_WHAT YOU WILL DO:_ Transcribe the data in full, keeping each line exactly as it appears.

-------- SOURCE DATA

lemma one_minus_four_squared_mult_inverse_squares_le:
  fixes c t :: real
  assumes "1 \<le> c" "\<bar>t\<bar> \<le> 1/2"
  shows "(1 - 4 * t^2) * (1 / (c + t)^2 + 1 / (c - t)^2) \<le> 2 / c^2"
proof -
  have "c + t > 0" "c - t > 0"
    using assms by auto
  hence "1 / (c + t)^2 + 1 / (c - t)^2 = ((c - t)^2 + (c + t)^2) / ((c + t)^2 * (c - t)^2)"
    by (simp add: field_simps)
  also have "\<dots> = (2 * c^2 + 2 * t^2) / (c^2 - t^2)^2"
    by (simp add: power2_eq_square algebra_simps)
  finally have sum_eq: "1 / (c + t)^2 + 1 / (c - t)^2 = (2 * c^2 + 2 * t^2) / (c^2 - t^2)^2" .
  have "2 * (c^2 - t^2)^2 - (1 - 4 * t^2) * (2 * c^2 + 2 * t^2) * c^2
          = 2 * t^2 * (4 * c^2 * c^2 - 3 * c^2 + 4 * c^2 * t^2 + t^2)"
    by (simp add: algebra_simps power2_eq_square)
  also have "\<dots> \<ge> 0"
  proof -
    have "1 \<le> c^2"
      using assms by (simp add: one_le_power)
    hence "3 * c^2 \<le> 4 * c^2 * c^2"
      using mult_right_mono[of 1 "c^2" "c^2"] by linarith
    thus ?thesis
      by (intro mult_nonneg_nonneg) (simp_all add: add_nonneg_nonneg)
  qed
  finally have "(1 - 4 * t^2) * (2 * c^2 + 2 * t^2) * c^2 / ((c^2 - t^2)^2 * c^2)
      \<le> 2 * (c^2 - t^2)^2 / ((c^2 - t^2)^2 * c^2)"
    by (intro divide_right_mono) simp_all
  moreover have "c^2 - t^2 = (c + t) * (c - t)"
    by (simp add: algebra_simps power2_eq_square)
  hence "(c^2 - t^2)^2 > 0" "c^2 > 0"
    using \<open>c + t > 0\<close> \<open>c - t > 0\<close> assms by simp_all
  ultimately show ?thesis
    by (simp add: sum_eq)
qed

----------------

_YOUR SOLUTION:_
lemma one_minus_four_squared_mult_inverse_squares_le:
  fixes c t :: real
  assumes "1 \<le> c" "\<bar>t\<bar> \<le> 1/2"
  shows "(1 - 4 * t^2) * (1 / (c + t)^2 + 1 / (c - t)^2) \<le> 2 / c^2"
proof -
  have "c + t > 0" "c - t > 0"
    using assms by auto
  hence "1 / (c + t)^2 + 1 / (c - t)^2 = ((c - t)^2 + (c + t)^2) / ((c + t)^2 * (c - t)^2)"
    by (simp add: field_simps)
  also have "\<dots> = (2 * c^2 + 2 * t^2) / (c^2 - t^2)^2"
    by (simp add: power2_eq_square algebra_simps)
  finally have sum_eq: "1 / (c + t)^2 + 1 / (c - t)^2 = (2 * c^2 + 2 * t^2) / (c^2 - t^2)^2" .
  have "2 * (c^2 - t^2)^2 - (1 - 4 * t^2) * (2 * c^2 + 2 * t^2) * c^2
          = 2 * t^2 * (4 * c^2 * c^2 - 3 * c^2 + 4 * c^2 * t^2 + t^2)"
    by (simp add: algebra_simps power2_eq_square)
  also have "\<dots> \<ge> 0"
  proof -
    have "1 \<le> c^2"
      using assms by (simp add: one_le_power)
    hence "3 * c^2 \<le> 4 * c^2 * c^2"
      using mult_right_mono[of 1 "c^2" "c^2"] by linarith
    thus ?thesis
      by (intro mult_nonneg_nonneg) (simp_all add: add_nonneg_nonneg)
  qed
  finally have "(1 - 4 * t^2) * (2 * c^2 + 2 * t^2) * c^2 / ((c^2 - t^2)^2 * c^2)
      \<le> 2 * (c^2 - t^2)^2 / ((c^2 - t^2)^2 * c^2)"
    by (intro divide_right_mono) simp_all
  moreover have "c^2 - t^2 = (c + t) * (c - t)"
    by (simp add: algebra_simps power2_eq_square)
  hence "(c^2 - t^2)^2 > 0" "c^2 > 0"
    using \<open>c + t > 0\<close> \<open>c - t > 0\<close> assms by simp_all
  ultimately show ?thesis
    by (simp add: sum_eq)
qed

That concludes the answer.